This should be a good thread. :sad:


----------



## Big50blaster (Feb 4, 2005)

with Buddy G. oh I mean Lee.:sad: 

Lock this hear thread up fore it gits started!


----------



## Big50blaster (Feb 4, 2005)

I knows that in other states thats already what the laws say bout snares and 24 hr check time. Some places won't let snares be used at all. I know nobody wants to be reglated, everyone has to lern to git a long. This goes for all hunters. 

They has probably had two many cougars being illegally killed in snares.:lol:


----------



## LarryA (Jun 16, 2004)

Actually, in all fairness the new rules were not purposed by the houndsmen. The new rules were purposed by the DNR based on the results of their Fox/Coyote Trapping survey, and a current study being done by a USDA trapper.

Houndsmen are not aganist trapping or snaring. In fact, houndsmen originally supported snaring. It wasn't until some problems surfaced that some, not all houndsmen, started questioning snaring.

The funny part to this whole issue is I know as many houndsmen who also trap then I know houndsmen who don't trap. As much as some individuals from both groups want to pit each group aganist the other, I believe there is much more common ground than some are willing to admit on both sides.

I am a houndsmen who traps. I don't support all the rule changes, but do feel some issues needed attention. The fact that both sides couldn't come to an agreement has contributed to both sides losing. Yes both sides losing. Anytime any outdoor pursuit diminishes, all outdoor groups suffer.

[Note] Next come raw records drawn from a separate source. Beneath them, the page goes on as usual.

(* Let $X$ be a set and $\tau$ a Hausdorff topology on $I(X)$ making it a topological inverse semigroup. For $A\subseteq X$ let $R_A=\{f\circ 1_A: f\in I(X)\}$ with the subspace topology of $\tau$ and $r_A:I(X)\to R_A$, $r_A(f)=f\circ 1_A$. Suppose $r_A$ is an open map for every cofinite $A\subseteq X$. Let $(f_k)_{k\in\mathbb N}$ be a sequence in $I(X)$ and $f\in I(X)$ such that (i) $f_k\to f$ in $\tau_{pp}$, and (ii) there is a cofinite $A\subseteq X$ with $f_k\circ 1_A\to f\circ 1_A$ in $\tau$. Then $f_k\to f$ in $\tau$.
   Context: $I(X)$ is the set of all bijections $f:B\to C$ with $B,C\subseteq X$ (including the empty map), $\mathrm{dom}(f)=B$, $\mathrm{im}(f)=C$, with composition $\mathrm{dom}(f\circ g)=g^{-1}(\mathrm{dom}(f)\cap\mathrm{im}(g))$ and inversion $f\mapsto f^{-1}$. $1_A$ is the identity map on $A$. For $x,y\in X$: $v(x,y)=\{f: x\in\mathrm{dom}(f), f(x)=y\}$, $w_1(x)=\{f: x\notin\mathrm{dom}(f)\}$, $w_2(y)=\{f: y\notin\mathrm{im}(f)\}$; $\tau_{pp}$ is the topology generated by all these sets. A topological inverse semigroup has continuous multiplication and inversion. *)

theory Defs
  imports "HOL-Analysis.Analysis"
begin

text \<open>The ground set X is the (arbitrary) type 'a. Partial bijections X to X are
  partial maps 'a to 'a option that are injective on their domain.\<close>

definition IX :: "('a \<rightharpoonup> 'a) set" where
  "IX = {f. inj_on f (dom f)}"

text \<open>Composition f o g (first g, then f): Map.map_comp, so that
  dom (f o g) = g^-1 (dom f inter im g).\<close>
definition pcomp :: "('a \<rightharpoonup> 'a) \<Rightarrow> ('a \<rightharpoonup> 'a) \<Rightarrow> ('a \<rightharpoonup> 'a)" where
  "pcomp f g = f \<circ>\<^sub>m g"

definition pinv :: "('a \<rightharpoonup> 'a) \<Rightarrow> ('a \<rightharpoonup> 'a)" where
  "pinv f = (\<lambda>y. if y \<in> ran f then Some (THE x. f x = Some y) else None)"

definition pid :: "'a set \<Rightarrow> ('a \<rightharpoonup> 'a)" where
  "pid A = (\<lambda>x. if x \<in> A then Some x else None)"

definition v_set :: "'a \<Rightarrow> 'a \<Rightarrow> ('a \<rightharpoonup> 'a) set" where
  "v_set x y = {f \<in> IX. f x = Some y}"

definition w1_set :: "'a \<Rightarrow> ('a \<rightharpoonup> 'a) set" where
  "w1_set x = {f \<in> IX. x \<notin> dom f}"

definition w2_set :: "'a \<Rightarrow> ('a \<rightharpoonup> 'a) set" where
  "w2_set y = {f \<in> IX. y \<notin> ran f}"

definition tau_pp :: "('a \<rightharpoonup> 'a) topology" where
  "tau_pp = topology_generated_by
     ({v_set x y | x y. True} \<union> {w1_set x | x. True} \<union> {w2_set y | y. True})"

definition topological_inverse_semigroup_on_IX :: "('a \<rightharpoonup> 'a) topology \<Rightarrow> bool" where
  "topological_inverse_semigroup_on_IX T \<longleftrightarrow>
     topspace T = IX \<and>
     continuous_map (prod_topology T T) T (\<lambda>(f, g). pcomp f g) \<and>
     continuous_map T T pinv"

definition R_set :: "'a set \<Rightarrow> ('a \<rightharpoonup> 'a) set" where
  "R_set A = {pcomp f (pid A) | f. f \<in> IX}"

end

theory Submission
  imports Defs
begin

text \<open>Let C be the finite complement of A. Pointwise convergence makes f_k agree with f
  on all of C for large k. Given a \<tau>-neighbourhood U of f, shrink it to the \<tau>-open set W
  of those u that agree with f on C \<inter> dom f and whose restriction to A \<union> dom f lies in U
  (the sets v(x, y) are \<tau>-open, being complements of preimages of the closed point \<emptyset>
  under u \<mapsto> 1_{y} \<circ> u \<circ> 1_{x}). Openness of r_A gives, for large k, some u \<in> W with
  u \<circ> 1_A = f_k \<circ> 1_A, and gluing this with the agreement on C shows that f_k is the
  restriction of u to A \<union> dom f, hence lies in U.\<close>

lemma pcomp_pid_eq_restrict_map [simp]: "pcomp g (pid A) = g |` A"
  by (rule ext) (simp add: pcomp_def pid_def map_comp_def restrict_map_def)

lemma pid_in_IX: "pid A \<in> IX"
  by (auto simp: IX_def pid_def inj_on_def split: if_splits)

lemma restrict_map_in_R_set: "g \<in> IX \<Longrightarrow> g |` A \<in> R_set A"
  by (auto simp: R_set_def)

lemma topspace_eq_IX: "topological_inverse_semigroup_on_IX T \<Longrightarrow> topspace T = IX"
  by (simp add: topological_inverse_semigroup_on_IX_def)

lemma continuous_map_pcomp:
  assumes "topological_inverse_semigroup_on_IX T"
    and "continuous_map X T g" "continuous_map X T h"
  shows "continuous_map X T (\<lambda>x. pcomp (g x) (h x))"
proof -
  have "continuous_map (prod_topology T T) T (\<lambda>(f, g). pcomp f g)"
    using assms(1) by (simp add: topological_inverse_semigroup_on_IX_def)
  from continuous_map_compose[OF continuous_map_paired[THEN iffD2, OF conjI[OF assms(2,3)]] this]
  show ?thesis
    by (simp add: o_def)
qed

lemma continuous_map_pcomp_const:
  assumes "topological_inverse_semigroup_on_IX T" "c \<in> IX"
  shows continuous_map_pcomp_const_right: "continuous_map T T (\<lambda>u. pcomp u c)"
    and continuous_map_pcomp_const_left: "continuous_map T T (\<lambda>u. pcomp c u)"
  using assms by (auto intro!: continuous_map_pcomp simp: topspace_eq_IX)

lemma continuous_map_restrict_map:
  "topological_inverse_semigroup_on_IX T \<Longrightarrow> continuous_map T T (\<lambda>u. u |` B)"
  using continuous_map_pcomp_const_right[OF _ pid_in_IX] by simp

lemma openin_v_set:
  assumes "Hausdorff_space T" and S: "topological_inverse_semigroup_on_IX T"
  shows "openin T (v_set x y)"
proof -
  let ?\<phi> = "\<lambda>u. pcomp (pid {y}) (u |` {x})"
  have "continuous_map T T ?\<phi>"
    using continuous_map_compose[OF continuous_map_restrict_map[OF S]
        continuous_map_pcomp_const_left[OF S pid_in_IX]]
    by (simp add: o_def)
  moreover have "closedin T {Map.empty}"
    using closedin_Hausdorff_singleton[OF assms(1)] S
    by (simp add: topspace_eq_IX IX_def)
  ultimately have "closedin T {u \<in> topspace T. ?\<phi> u \<in> {Map.empty}}"
    using closedin_continuous_map_preimage by blast
  moreover have "?\<phi> u = Map.empty \<longleftrightarrow> u x \<noteq> Some y" for u
  proof
    assume "?\<phi> u = Map.empty"
    then have "?\<phi> u x = None"
      by simp
    then show "u x \<noteq> Some y"
      by (auto simp: pcomp_def pid_def)
  next
    assume "u x \<noteq> Some y"
    then show "?\<phi> u = Map.empty"
      by (auto simp: pcomp_def pid_def map_comp_def restrict_map_def fun_eq_iff
          split: option.splits)
  qed
  ultimately have "closedin T {u \<in> topspace T. u x \<noteq> Some y}"
    by simp
  then have "openin T (topspace T - {u \<in> topspace T. u x \<noteq> Some y})"
    by (simp add: openin_diff)
  moreover have "topspace T - {u \<in> topspace T. u x \<noteq> Some y} = v_set x y"
    using S by (auto simp: v_set_def topspace_eq_IX)
  ultimately show ?thesis
    by simp
qed

lemma openin_agree_on_finite:
  assumes "Hausdorff_space T" "topological_inverse_semigroup_on_IX T"
    and "finite D" "D \<subseteq> dom f"
  shows "openin T {u \<in> topspace T. \<forall>x\<in>D. u x = f x}"
proof -
  have "{u \<in> topspace T. \<forall>x\<in>D. u x = f x}
        = \<Inter> (insert (topspace T) ((\<lambda>x. v_set x (the (f x))) ` D))"
    using assms(2,4) by (auto simp: v_set_def topspace_eq_IX)
  moreover have "openin T (\<Inter> (insert (topspace T) ((\<lambda>x. v_set x (the (f x))) ` D)))"
    using assms(3) openin_v_set[OF assms(1,2)] by (intro openin_Inter) auto
  ultimately show ?thesis
    by simp
qed

lemma eventually_agree_on_finite:
  assumes "limitin tau_pp g f F" "f \<in> IX" "finite D"
  shows "eventually (\<lambda>k. \<forall>x\<in>D. g k x = f x) F"
proof (rule eventually_ball_finite[OF assms(3)], rule ballI)
  fix x
  show "eventually (\<lambda>k. g k x = f x) F"
  proof (cases "f x")
    case None
    have "openin tau_pp (w1_set x)"
      unfolding tau_pp_def by (rule topology_generated_by_Basis) blast
    then have "eventually (\<lambda>k. g k \<in> w1_set x) F"
      using assms(1,2) None by (auto simp: limitin_def w1_set_def)
    then show ?thesis
      by (rule eventually_mono) (auto simp: w1_set_def None)
  next
    case (Some y)
    have "openin tau_pp (v_set x y)"
      unfolding tau_pp_def by (rule topology_generated_by_Basis) blast
    then have "eventually (\<lambda>k. g k \<in> v_set x y) F"
      using assms(1,2) Some by (auto simp: limitin_def v_set_def)
    then show ?thesis
      by (rule eventually_mono) (simp add: v_set_def Some)
  qed
qed

lemma eventually_in_image_of_open_map:
  assumes "open_map X Y r" "limitin Y (\<lambda>k. r (x k)) (r a) F" "openin X W" "a \<in> W"
  shows "eventually (\<lambda>k. \<exists>u\<in>W. r u = r (x k)) F"
proof -
  have "openin Y (r ` W)"
    using assms(1,3) by (simp add: open_map_def)
  then have "eventually (\<lambda>k. r (x k) \<in> r ` W) F"
    using assms(2,4) by (auto simp: limitin_def)
  then show ?thesis
    by (rule eventually_mono) auto
qed

lemma restrict_map_glue:
  assumes "u |` A = g |` A" "\<forall>x\<in>-A. g x = f x" "\<forall>x\<in>-A \<inter> dom f. u x = f x"
  shows "u |` (A \<union> dom f) = g"
proof
  fix z
  show "(u |` (A \<union> dom f)) z = g z"
  proof (cases "z \<in> A")
    case True
    then show ?thesis
      using fun_cong[OF assms(1), of z] by simp
  next
    case False
    then show ?thesis
      using assms(2,3) by (cases "f z") (auto simp: domIff)
  qed
qed

theorem lemma6p4:
  fixes T :: "('a \<rightharpoonup> 'a) topology"
    and fk :: "nat \<Rightarrow> ('a \<rightharpoonup> 'a)" and f :: "'a \<rightharpoonup> 'a"
  assumes "Hausdorff_space T"
    and "topological_inverse_semigroup_on_IX T"
    and "\<And>A. finite (UNIV - A) \<Longrightarrow>
           open_map T (subtopology T (R_set A)) (\<lambda>g. pcomp g (pid A))"
    and "\<And>k. fk k \<in> IX" and "f \<in> IX"
    and "limitin tau_pp fk f sequentially"
    and "\<exists>A. finite (UNIV - A) \<and>
           limitin T (\<lambda>k. pcomp (fk k) (pid A)) (pcomp f (pid A)) sequentially"
  shows "limitin T fk f sequentially"
proof -
  have ts: "topspace T = IX"
    using assms(2) by (rule topspace_eq_IX)
  obtain A where fin: "finite (- A)"
    and lim: "limitin T (\<lambda>k. fk k |` A) (f |` A) sequentially"
    using assms(7) by (auto simp: Compl_eq_Diff_UNIV)
  have agree: "eventually (\<lambda>k. \<forall>x\<in>-A. fk k x = f x) sequentially"
    using eventually_agree_on_finite[OF assms(6,5) fin] .
  have restrict_open: "open_map T (subtopology T (R_set A)) (\<lambda>g. g |` A)"
    using assms(3)[of A] fin by (simp add: Compl_eq_Diff_UNIV)
  have limR: "limitin (subtopology T (R_set A)) (\<lambda>k. fk k |` A) (f |` A) sequentially"
    using lim assms(4,5) by (simp add: limitin_subtopology restrict_map_in_R_set)
  show ?thesis
    unfolding limitin_def
  proof (intro conjI allI impI)
    show "f \<in> topspace T"
      using assms(5) ts by simp
    fix U assume U: "openin T U \<and> f \<in> U"
    define W where "W = {u \<in> topspace T. u |` (A \<union> dom f) \<in> U}
                         \<inter> {u \<in> topspace T. \<forall>x\<in>-A \<inter> dom f. u x = f x}"
    have "f |` (A \<union> dom f) = f"
      by (rule ext) (simp add: restrict_map_def domIff)
    then have "f \<in> W"
      using U ts assms(5) by (simp add: W_def)
    moreover have "openin T W"
      unfolding W_def using U fin
      by (intro openin_Int openin_continuous_map_preimage[OF continuous_map_restrict_map]
          openin_agree_on_finite assms(1,2)) (auto simp: dom_def)
    ultimately have "eventually (\<lambda>k. \<exists>u\<in>W. u |` A = fk k |` A) sequentially"
      using eventually_in_image_of_open_map[where x=fk and a=f, OF restrict_open limR] by simp
    with agree show "eventually (\<lambda>k. fk k \<in> U) sequentially"
      by eventually_elim (use restrict_map_glue in \<open>fastforce simp: W_def\<close>)
  qed
qed

end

I have a quote on my door. It says, "In the absence of truth perception is reality." I say any time any group whether it is an outdoor group or not questions an outdoor activity we as outdoorsmen need to bust our butts to educate those individuals. At the same time we as outdoorsmen should never discount anothers concerns as unimportant. Let's educate not alienate.

JMO on the topic.


----------



## 2-BIG (Oct 17, 2002)

What did I miss?  I'll go to the MTA site and see if it is posted there.


----------



## Joe R. (Jan 9, 2002)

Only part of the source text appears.